Tuesday, October 23, 2018

Daytime parahypnagogia


The summer I was 19, I worked in the laboratory of an aluminum plant, running various analyses required during various stages of aluminum production.   One of the analyses (for CaF2) required me to wash a long row of filter papers -- maybe 15 to 20 -- where each filter was filled with a sample, and each filter was embedded in a funnel.  I washed each with a squeeze bottle.  After I finished, I waited until all the filters had drained, then washed them again.  I might repeat this process five to ten times.

It was not an exciting part of my day.  But at least one time, during a long stretch of washing filters in the middle of a tedious afternoon, something curious occurred.  I found myself listening to a conversation going on in my own mind.  Two people -- as I recall, a man and a woman -- were talking to each other.  I didn't know the speakers, and their conversation had nothing to do, so far as I could tell,  with any event or even thought from my own life. 

It was like overhearing a conversation between strangers on a bus.  Or listening to a radio program.  It lasted no more than a minute.  I wasn't asleep.  I was standing, watching the draining filters, water bottle in hand.  There was no visual component.  I wasn't dreaming or hallucinating.   If asked, I would never have claimed that I had been listening to a real conversation.

That afternoon in the laboratory was the first time I recall that odd experience, but it's happened many times since then.  Right up until the present.  It's never traumatic or upsetting.  I'm not dizzy or confused when it's over.  The closest I can come to describing the experience is that it's a bit like daydreaming, except that I do not intentionally produce or direct the "conversation," and the subject being discussed might as well be from outer space.  What the "speakers" are talking about seems to have no relationship to any experiences of my own.

I learned today that this experience has a name.  It's a form of hypnagogia.  It's sometimes called "daytime parahypnagogia" to differentiate it from other forms of hypnagogia, which usually are associated with stages of the sleep process.  It's been described as

the spontaneous intrusion of a flash image or dreamlike thought or insight into one's waking consciousness. DPH is typically encountered when one is "tired, bored, suffering from attention fatigue, and/or engaged in a passive activity." The exact nature of the waking dream may be forgotten even though the individual remembers having had such an experience.   Gustelle and Oliveira define DPH as "dissociative, trance-like, [...] but, unlike a daydream, [...] not self-directed ….
--Wikipedia


Wikipedia describes the experience as a "waking dream," but I'm always fully aware of my surroundings -- for example, I know I'm running a calcium fluoride analysis -- and I never believe, as one does in a genuine dream, that the conversation is real -- except insofar as one feels that a radio drama (back when such existed) really existed, even knowing it was performed in a studio.  I've compared it to daydreaming, because you can daydream in depth about tomorrow's activities while performing an activity that doesn't require much concentration.
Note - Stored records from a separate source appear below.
(* Fix $\varepsilon\in(0,1/2)$ and let $\tau_{\varepsilon K}=\inf\{t\ge0: G_t=\lfloor\varepsilon K\rfloor\}$ for the incremental construction. Then (a) $\displaystyle \frac{\tau_{\varepsilon K}}{K}\to\frac12\log\left(\frac{1}{1-2\varepsilon}\right)$ in probability as $K\to\infty$; (b) $\displaystyle \left(\frac{R_{\tau_{\varepsilon K}}}{K},\frac{C_{\tau_{\varepsilon K}}}{K}\right)\to\left(1-\sqrt{1-2\varepsilon},\,1-\sqrt{1-2\varepsilon}\right)$ in probability as $K\to\infty$.
   Context: Incremental construction. Fix an integer $K\ge2$, $[n]=\{1,\dots,n\}$. A random $K\times K$ matrix $\Psi$ is filled with the integers $1,\dots,K^2$, the integer $s$ being placed at step $s$. After step $t$, $R_t$ and $C_t$ denote the numbers of nonempty rows and columns (the nonempty rows are always $1,\dots,R_t$ and the nonempty columns $1,\dots,C_t$), $M_t$ is the submatrix with rows $[R_t]$ and columns $[C_t]$, and $G_t$ is the number of entries colored green; $R_0=C_0=G_0=0$. Step 1: $\Psi(1,1)=1$ and $(1,1)$ is colored green (so $R_1=C_1=G_1=1$). For $t=1,\dots,K^2-1$, given everything so far, step $t+1$ is: with conditional probability $\rho_{t+1}=\frac{(K-R_t)K}{K^2-t}$ a new row is created, i.e. $R_{t+1}=R_t+1$, and then, independently, with probability $\kappa_{t+1}=\frac{K-C_t}{K}$ also a new column is created: $C_{t+1}=C_t+1$, $\Psi(R_{t+1},C_{t+1})=t+1$ and this entry is colored green; otherwise $C_{t+1}=C_t$ and $\Psi(R_{t+1},Z)=t+1$ with $Z$ uniform in $[C_t]$. With the complementary probability $1-\rho_{t+1}$, $R_{t+1}=R_t$ and a cell $(X,Y)$ is chosen uniformly among the empty cells of rows $[R_t]$ (columns in $[K]$); if $(X,Y)\notin M_t$ (i.e. $Y>C_t$) then $C_{t+1}=C_t+1$ and $\Psi(X,C_{t+1})=t+1$; otherwise $C_{t+1}=C_t$ and $\Psi(X,Y)=t+1$. *)

theory Defs
  imports "HOL-Probability.Probability"
begin

text \<open>State of the incremental construction after step t:
  (R_t, C_t, set of green cells, matrix Psi).  The matrix is a function on
  index pairs (row, column), with value 0 meaning "empty" (entries are 1..K^2).\<close>

type_synonym ic_state = "nat \<times> nat \<times> (nat \<times> nat) set \<times> (nat \<times> nat \<Rightarrow> nat)"

definition ic_R :: "ic_state \<Rightarrow> nat" where "ic_R s = fst s"
definition ic_C :: "ic_state \<Rightarrow> nat" where "ic_C s = fst (snd s)"
definition ic_G :: "ic_state \<Rightarrow> nat" where "ic_G s = card (fst (snd (snd s)))"

definition ic_state0 :: ic_state where
  "ic_state0 = (0, 0, {}, (\<lambda>_. 0))"

definition ic_state1 :: ic_state where
  "ic_state1 = (1, 1, {(1,1)}, (\<lambda>_. 0)((1,1) := 1))"

text \<open>Step t+1, given the state after step t (t >= 1).\<close>
definition ic_step :: "nat \<Rightarrow> nat \<Rightarrow> ic_state \<Rightarrow> ic_state pmf" where
  "ic_step K t s = (case s of (R, C, Gr, Psi) \<Rightarrow>
     bind_pmf (bernoulli_pmf ((real K - real R) * real K / (real K ^ 2 - real t))) (\<lambda>newrow.
       if newrow then
         bind_pmf (bernoulli_pmf ((real K - real C) / real K)) (\<lambda>newcol.
           if newcol then
             return_pmf (R + 1, C + 1, insert (R + 1, C + 1) Gr, Psi((R + 1, C + 1) := t + 1))
           else
             bind_pmf (pmf_of_set {1..C}) (\<lambda>Z.
               return_pmf (R + 1, C, Gr, Psi((R + 1, Z) := t + 1))))
       else
         bind_pmf (pmf_of_set {(x, y). x \<in> {1..R} \<and> y \<in> {1..K} \<and> Psi (x, y) = 0})
           (\<lambda>(X, Y).
              if Y > C then return_pmf (R, C + 1, Gr, Psi((X, C + 1) := t + 1))
              else return_pmf (R, C, Gr, Psi((X, Y) := t + 1)))))"

fun ic_traj :: "nat \<Rightarrow> nat \<Rightarrow> ic_state list pmf" where
  "ic_traj K 0 = return_pmf [ic_state0]"
| "ic_traj K (Suc 0) = return_pmf [ic_state0, ic_state1]"
| "ic_traj K (Suc (Suc n)) =
     bind_pmf (ic_traj K (Suc n)) (\<lambda>xs. map_pmf (\<lambda>s. xs @ [s]) (ic_step K (Suc n) (last xs)))"

definition ic_full :: "nat \<Rightarrow> ic_state list pmf" where
  "ic_full K = ic_traj K (K ^ 2)"

text \<open>Hitting time inf{t >= 0 : G_t = m}; None encodes inf of the empty set (= infinity).\<close>
definition ic_tau :: "nat \<Rightarrow> ic_state list \<Rightarrow> nat option" where
  "ic_tau m xs = (if \<exists>t < length xs. ic_G (xs ! t) = m
                  then Some (LEAST t. t < length xs \<and> ic_G (xs ! t) = m) else None)"

end

theory Submission
  imports Defs "HOL-Real_Asymp.Real_Asymp"
begin

(* Write b_n = K / (K^2 - n). At step n + 1 the number K - R_n of empty rows drops by one with
   probability (K - R_n) b_n; adding up the two ways in which a column can be opened, the number
   K - C_n of empty columns drops by one with probability (K - C_n) b_n; and a green cell appears
   with probability (K - R_n) (K - C_n) / (K^2 - n). Hence K - R_n and K - C_n stay within
   O(sqrt n) in L^2 of the deterministic mu_n = (K - 1) prod_{0<j<n} (1 - b_j), and G_n stays
   within O(sqrt n) of its compensator, which is itself close to 1 + sum_{0<j<n} mu_j^2 / (K^2 - j).
   At times n ~ s K these profiles give R_n/K, C_n/K -> 1 - e^(-s) and
   G_n/K -> (1 - e^(-2s))/2 in probability. Since G moves by unit steps, the time at which it
   reaches eps K lies between s_1 K and s_2 K as soon as (1 - e^(-2 s_1))/2 < eps < (1 - e^(-2 s_2))/2,
   so it equals (1/2) ln (1 / (1 - 2 eps)) K + o(K); as R and C are monotone, their limits carry
   over to the hitting time. *)

lemma set_pmf_bernoulli_TrueD: "True \<in> set_pmf (bernoulli_pmf p) \<Longrightarrow> 0 < p"
  by (auto simp: set_pmf_iff bernoulli_pmf.rep_eq split: if_splits)

lemma set_pmf_bernoulli_FalseD: "False \<in> set_pmf (bernoulli_pmf p) \<Longrightarrow> p < 1"
  by (auto simp: set_pmf_iff bernoulli_pmf.rep_eq split: if_splits)

lemma finite_set_pmf_bool: "finite (set_pmf (p :: bool pmf))"
  by (rule finite_subset[OF subset_UNIV]) simp

lemma expectation_bind_pmf_finite:
  fixes h :: "'b \<Rightarrow> real"
  assumes "finite (set_pmf p)" "\<And>x. x \<in> set_pmf p \<Longrightarrow> finite (set_pmf (f x))"
  shows "measure_pmf.expectation (bind_pmf p f) h =
         measure_pmf.expectation p (\<lambda>x. measure_pmf.expectation (f x) h)"
  using pmf_expectation_bind[OF assms(1) assms(2) subset_refl, where h=h]
  by (subst integral_measure_pmf[OF assms(1)]) auto

lemma expectation_mono_finite_pmf:
  fixes f g :: "'a \<Rightarrow> real"
  assumes "finite (set_pmf M)" "\<And>x. x \<in> set_pmf M \<Longrightarrow> f x \<le> g x"
  shows "measure_pmf.expectation M f \<le> measure_pmf.expectation M g"
  using assms by (intro integral_mono_AE integrable_measure_pmf_finite) (auto simp: AE_measure_pmf_iff)

lemma expectation_abs_le_sqrt:
  fixes X :: "'a \<Rightarrow> real"
  assumes "finite (set_pmf M)"
  shows "measure_pmf.expectation M (\<lambda>x. \<bar>X x\<bar>) \<le> sqrt (measure_pmf.expectation M (\<lambda>x. (X x)\<^sup>2))"
proof (rule real_le_rsqrt)
  show "(measure_pmf.expectation M (\<lambda>x. \<bar>X x\<bar>))\<^sup>2 \<le> measure_pmf.expectation M (\<lambda>x. (X x)\<^sup>2)"
    using measure_pmf.variance_eq[of M "\<lambda>x. \<bar>X x\<bar>"] measure_pmf.variance_positive[of M "\<lambda>x. \<bar>X x\<bar>"] assms
    by (simp add: integrable_measure_pmf_finite)
qed

definition tendsto_in_prob :: "(nat \<Rightarrow> 'a pmf) \<Rightarrow> (nat \<Rightarrow> 'a \<Rightarrow> real) \<Rightarrow> real \<Rightarrow> bool" where
  "tendsto_in_prob M X c \<longleftrightarrow> (\<forall>\<eta>>0. (\<lambda>K. measure_pmf.prob (M K) {x. \<eta> \<le> \<bar>X K x - c\<bar>}) \<longlonglongrightarrow> 0)"

lemma tendsto_in_probI_L1:
  fixes a e :: "nat \<Rightarrow> real"
  assumes fin: "\<And>K. finite (set_pmf (M K))" and a: "a \<longlonglongrightarrow> c" and e: "e \<longlonglongrightarrow> 0"
    and bound: "eventually (\<lambda>K. measure_pmf.expectation (M K) (\<lambda>x. \<bar>X K x - a K\<bar>) \<le> e K) sequentially"
  shows "tendsto_in_prob M X c"
  unfolding tendsto_in_prob_def
proof (intro allI impI)
  fix \<eta> :: real assume \<eta>: "0 < \<eta>"
  have close: "eventually (\<lambda>K. \<bar>a K - c\<bar> < \<eta> / 2) sequentially"
    using tendstoD[OF a, of "\<eta> / 2"] \<eta> by (simp add: dist_real_def)
  show "(\<lambda>K. measure_pmf.prob (M K) {x. \<eta> \<le> \<bar>X K x - c\<bar>}) \<longlonglongrightarrow> 0"
  proof (rule tendsto_sandwich[OF _ _ tendsto_const])
    show "eventually (\<lambda>K. 0 \<le> measure_pmf.prob (M K) {x. \<eta> \<le> \<bar>X K x - c\<bar>}) sequentially" by simp
    show "eventually (\<lambda>K. measure_pmf.prob (M K) {x. \<eta> \<le> \<bar>X K x - c\<bar>} \<le> e K / (\<eta> / 2)) sequentially"
      using close bound
    proof eventually_elim
      case (elim K)
      have "{x. \<eta> \<le> \<bar>X K x - c\<bar>} \<subseteq> {x. \<eta> / 2 \<le> \<bar>X K x - a K\<bar>}"
      proof safe
        fix x assume "\<eta> \<le> \<bar>X K x - c\<bar>"
        moreover have "\<bar>X K x - c\<bar> \<le> \<bar>X K x - a K\<bar> + \<bar>a K - c\<bar>"
          using abs_triangle_ineq[of "X K x - a K" "a K - c"] by simp
        ultimately show "\<eta> / 2 \<le> \<bar>X K x - a K\<bar>" using elim(1) by linarith
      qed
      then have "measure_pmf.prob (M K) {x. \<eta> \<le> \<bar>X K x - c\<bar>} \<le> measure_pmf.prob (M K) {x. \<eta> / 2 \<le> \<bar>X K x - a K\<bar>}"
        by (rule measure_pmf.finite_measure_mono) simp
      also have "\<dots> \<le> measure_pmf.expectation (M K) (\<lambda>x. \<bar>X K x - a K\<bar>) / (\<eta> / 2)"
        using integral_Markov_inequality_measure[of "M K" "\<lambda>x. \<bar>X K x - a K\<bar>" "{}" "\<eta> / 2"] fin \<eta>
        by (simp add: integrable_measure_pmf_finite)
      also have "\<dots> \<le> e K / (\<eta> / 2)" using elim(2) \<eta> by (simp add: divide_right_mono)
      finally show ?case .
    qed
    show "(\<lambda>K. e K / (\<eta> / 2)) \<longlonglongrightarrow> 0" by (rule tendsto_divide_zero[OF e])
  qed
qed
Being the person I am, I of course like to assume that my susceptibility to daytime parahypnagogia suggests great creativity on my part.  Obviously, I suspect, I have untouched talents for writing fiction, because my mind is constructing fictional conversations about unusual (for me) topics almost against my will.  There is genius in that skull of mine, just dying to burst out and amaze the world with Tolstoy-esque literary expression.

Alas, there are no studies that suggest that my little plays in one act represent such talent any more than do a boy's dreams of baseball heroics mark a future World Series star.   But it does show that in even the dullest of us there are hidden activities going on inside our minds that leak out only on rare occasions.

I've never heard anyone else brag or complain about having similar "intrusions" into their waking consciousness, so it may well be fairly uncommon.  Since I've already bragged -- if that's the proper term -- back in November 2014 of having numeral synesthesia, there are cynics who may now choose to take my claim of daytime parahypnagogias with a grain of salt.  Yeah, right, you're "exceptional," as so many have pointed out to me.

Based on a teenage experience -- which I'll save for some future time -- I firmly believed for most of my life that I was a latent epileptic.  I therefore carefully avoided looking at  flashing strobe lights.  Then, one of a number of medical tests performed nine years ago firmly established that I had no susceptibility whatsoever to epilepsy.

This was quite a blow, as you can imagine, to my quest for uniqueness.  It would be too bad if my pretensions to both synesthesia and parahynagogia should be similarly stripped from me.  But I feel confident they will not.